B6.FVB(129S4)-Tg(Ckmm-cre)5Khn/J

Stock number: 006475
Product name: MCK-Cre
Research areas: Research Tools

Description

MCK-Cre transgenic mice have the Cre recombinase gene driven by the muscle creatine kinase promoter, andCre activity is observed in skeletal and cardiac muscle. When bred with mice containing a loxP-flanked sequence of interest, Cre-mediated recombination will result in skeletal and cardiac muscle deletion of the flanked genome.

Detailed description

These MCK-Cre transgenic mice have the Cre recombinase gene driven by the muscle creatine kinase (MCK or Ckm) promoter. Cre activity is observed in skeletal and cardiac muscle. When bred with mice containing a loxP-flanked sequence of interest, Cre-mediated recombination will result in skeletal and cardiac muscle deletion of the flanked genome.
Hemizygous mice are viable, fertile, normal in size, and do not display any gross physical or behavioral abnormalities. Additionally, The Jackson Laboratory colony is viable and fertile as homozygotes.

Development

A transgene was designed with a cre recombinase cDNA sequence (with a SV-40 large T antigen nuclear localization signal and poly(A) signal) inserted in place of the translation initiation site of the Ckm gene. This construct was injected into fertilized FVB embryos which were then implanted into CD1 foster mothers. Chimeric mice were bred to FVB inbred animals to establish transgenic offspring (founder line 5). At some point, mice were bred to insulin receptor mutant mice on a mixed B6;129S4 genetic background. The donating investigator reported that double mutants were backcrossed for 10 generations to C57BL/6 mice (see SNP note below) and then selected for the transgene (and against the targeted mutation) prior to arrival at The Jackson Laboratory.
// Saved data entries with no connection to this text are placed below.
lemma rho_eq_meet_synchronous:
  assumes a: "a1 \<in> A" "a2 \<in> A" and "rho a1 = rho a2"
    and "(f ^^ m) a1 = (f ^^ n) a2" "m < n"
  shows "(f ^^ m) a1 = (f ^^ m) a2"
proof -
  have e: "rho ((f ^^ m) a1) = (f ^^ m) (rho a1)" "rho ((f ^^ m) a2) = (f ^^ m) (rho a1)"
    using Ret_iter[OF rho_in_Ret] a assms(3) by auto
  have "(f ^^ m) (rho a1) = rho ((f ^^ n) a2)" using e(1) assms(4) by simp
  also have "\<dots> = (f ^^ n) (rho a1)" using Ret_iter[OF rho_in_Ret a(2)] assms(3) by simp
  finally have "(f ^^ m) (rho a1) \<in> cyc"
    using iter_eq_cyc[OF _ assms(5)] rho_in_B[OF a(1)] B_subset by blast
  then have "(f ^^ m) a1 \<in> cyc" "(f ^^ m) a2 \<in> cyc"
    using rho_cyc_iff[OF iter_closed[OF a(1)], of m] rho_cyc_iff[OF iter_closed[OF a(2)], of m] e
    by simp_all
  then have "rho ((f ^^ m) a1) = (f ^^ m) a1" "rho ((f ^^ m) a2) = (f ^^ m) a2"
    using rho_B cyc_subset_B by auto
  then show ?thesis using e by simp
qed

lemma rho_eq_common_iter:
  assumes a: "a1 \<in> A" "a2 \<in> A" and r: "rho a1 = rho a2"
  shows "\<exists>k. (f ^^ k) a1 = (f ^^ k) a2"
proof -
  obtain m n where mn: "(f ^^ m) a1 = (f ^^ n) a2" using meet[OF a] by blast
  consider "m = n" | "m < n" | "n < m" by linarith
  then show ?thesis
  proof cases
    case 2
    then show ?thesis using rho_eq_meet_synchronous[OF a r mn] by blast
  next
    case 3
    then show ?thesis using rho_eq_meet_synchronous[OF a(2,1) r[symmetric] mn[symmetric]] by metis
  qed (use mn in blast)
qed

lemma Ret_separates:
  assumes a: "a1 \<in> A" "a2 \<in> A" and h: "\<forall>\<phi>\<in>Ret. \<phi> a1 = \<phi> a2"
  shows "a1 = a2"
proof -
  define j where "j = (LEAST k. (f ^^ k) a1 = (f ^^ k) a2)"
  have "\<exists>k. (f ^^ k) a1 = (f ^^ k) a2" using rho_eq_common_iter[OF a] h rho_in_Ret by blast
  then have j: "(f ^^ j) a1 = (f ^^ j) a2" unfolding j_def by (rule LeastI_ex)
  show ?thesis
  proof (cases j)
    case (Suc i)
    have "(f ^^ i) a1 \<noteq> (f ^^ i) a2"
    proof
      assume "(f ^^ i) a1 = (f ^^ i) a2"
      then have "j \<le> i" unfolding j_def by (rule Least_le)
      with Suc show False by simp
    qed
    moreover have "f ((f ^^ i) a1) = f ((f ^^ i) a2)" using j Suc by simp
    ultimately obtain \<phi> where \<phi>: "\<phi> \<in> Ret" "\<phi> ((f ^^ i) a1) \<noteq> \<phi> ((f ^^ i) a2)"
      using siblings_separated iter_closed a by blast
    have "\<phi> ((f ^^ i) a1) = (f ^^ i) (\<phi> a1)" using Ret_iter[OF \<phi>(1) a(1)] .
    also have "\<dots> = (f ^^ i) (\<phi> a2)" using bspec[OF h \<phi>(1)] by simp
    also have "\<dots> = \<phi> ((f ^^ i) a2)" using Ret_iter[OF \<phi>(1) a(2)] by simp
    finally show ?thesis using \<phi>(2) by contradiction
  qed (use j in simp)
qed

definition emb :: "'a \<Rightarrow> ('a \<Rightarrow> 'a) \<Rightarrow> 'a" where
  "emb a = restrict (\<lambda>\<phi>. \<phi> a) Ret"

definition Pw :: "(('a \<Rightarrow> 'a) \<Rightarrow> 'a) set" where
  "Pw = Pi\<^sub>E Ret (\<lambda>_. B)"

definition Fw :: "(('a \<Rightarrow> 'a) \<Rightarrow> 'a) \<Rightarrow> ('a \<Rightarrow> 'a) \<Rightarrow> 'a" where
  "Fw = pow_fun Ret f"

lemma emb_in_Pw: "a \<in> A \<Longrightarrow> emb a \<in> Pw"
  unfolding emb_def Pw_def using Ret_in_B by auto

lemma emb_apply: "\<phi> \<in> Ret \<Longrightarrow> emb a \<phi> = \<phi> a"
  unfolding emb_def by simp

lemma Fw_apply: "\<phi> \<in> Ret \<Longrightarrow> Fw \<psi> \<phi> = f (\<psi> \<phi>)"
  unfolding Fw_def pow_fun_def by simp

lemma Fw_closed: "\<psi> \<in> Pw \<Longrightarrow> Fw \<psi> \<in> Pw"
  unfolding Pw_def Fw_def pow_fun_def using B_closed by auto

lemma emb_hom: assumes "a \<in> A" shows "emb (f a) = Fw (emb a)"
proof
  fix \<phi> show "emb (f a) \<phi> = Fw (emb a) \<phi>"
    using emb_apply Fw_apply Ret_hom assms unfolding emb_def Fw_def pow_fun_def by auto
qed

lemma Fw_iter_emb: "a \<in> A \<Longrightarrow> (Fw ^^ k) (emb a) = emb ((f ^^ k) a)"
  by (induction k) (simp_all add: emb_hom iter_closed)

lemma inj_on_emb: "inj_on emb A"
proof (rule inj_onI)
  fix a1 a2 assume a: "a1 \<in> A" "a2 \<in> A" "emb a1 = emb a2"
  then have "\<forall>\<phi>\<in>Ret. \<phi> a1 = \<phi> a2" using emb_apply by metis
  then show "a1 = a2" using Ret_separates a(1,2) by blast
qed

lemma Pw_rho: "\<psi> \<in> Pw \<Longrightarrow> \<psi> rho \<in> B"
  unfolding Pw_def using rho_in_Ret by auto

lemma Fw_rho: "Fw \<psi> rho = f (\<psi> rho)"
  using Fw_apply rho_in_Ret by blast

definition hits :: "(('a \<Rightarrow> 'a) \<Rightarrow> 'a) set" where
  "hits = {\<psi>\<in>Pw. \<exists>k. (Fw ^^ k) \<psi> \<in> emb ` (A - B)}"

definition hit_time :: "(('a \<Rightarrow> 'a) \<Rightarrow> 'a) \<Rightarrow> nat" where
  "hit_time \<psi> = (LEAST k. (Fw ^^ k) \<psi> \<in> emb ` (A - B))"

text \<open>A point of the power whose orbit never meets emb (A - B) is sent to its rho-coordinate;
  otherwise it is pulled back along its orbit, using that rho maps children onto children.\<close>
primrec lift :: "nat \<Rightarrow> (('a \<Rightarrow> 'a) \<Rightarrow> 'a) \<Rightarrow> 'a" where
  "lift 0 \<psi> = inv_into A emb \<psi>"
| "lift (Suc k) \<psi> = (SOME a. a \<in> A \<and> f a = lift k (Fw \<psi>) \<and> rho a = \<psi> rho)"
A 32 SNP (single nucleotide polymorphism) panel analysis, with 27 markers covering all 19 chromosomes and the X chromosome, as well as 5 markers that distinguish between the C57BL/6J and C57BL/6N substrains, was performed on the rederived living colony at The Jackson Laboratory Repository. While the 27 markers throughout the genome suggested a C57BL/6 genetic background, at least 1 of 5 markers that determine C57BL/6J from C57BL/6N were found to be segregating. These data suggest the mice sent to The Jackson Laboratory Repository were on a mixed C57BL/6J ; C57BL/6N genetic background.

Allele

Symbol: Tg(Ckmm-cre)5Khn
Name: transgene insertion 5, C Ronald Kahn
MGI accession ID: MGI:2182095
Generation method: Transgenic
Attributes: Recombinase-expressing
Synonyms: Ckm-cre; Ckmm-cre; Ckmm-NLS-cre; Cre^Mck; mckCRE; MCK-cre; MCKCre⁺; MCK-cre5; Tg(Ckm-cre)5Khn; Tg(Ckmm-cre)1Khn
Marker symbol: Tg(Ckmm-cre)5Khn
Marker name: transgene insertion 5, C Ronald Kahn
Marker synonyms: Ckmm-NLS-cre; mckCRE; MCK-Cre; MCKCre⁺; MCK-cre5; Tg(Ckmm-cre)1Khn
Chromosome: UN
Strain of origin: FVB
Expressed genes: cre,cre recombinase,bacteriophage P1
Site of expression: skeletal and cardiac muscle
Molecular note: A 6.5 kb genomic DNA fragment of the Ckmm gene containing the promoter and enhancer 1, untranslated exon 1, 3kb of intron 1 including the enhancer 2 region, and the first 16 bp of exon 2 drives expression of a modified cre with an SV40 large T antigen nuclear localization signal. Expression is directed to the heart and skeletal muscle.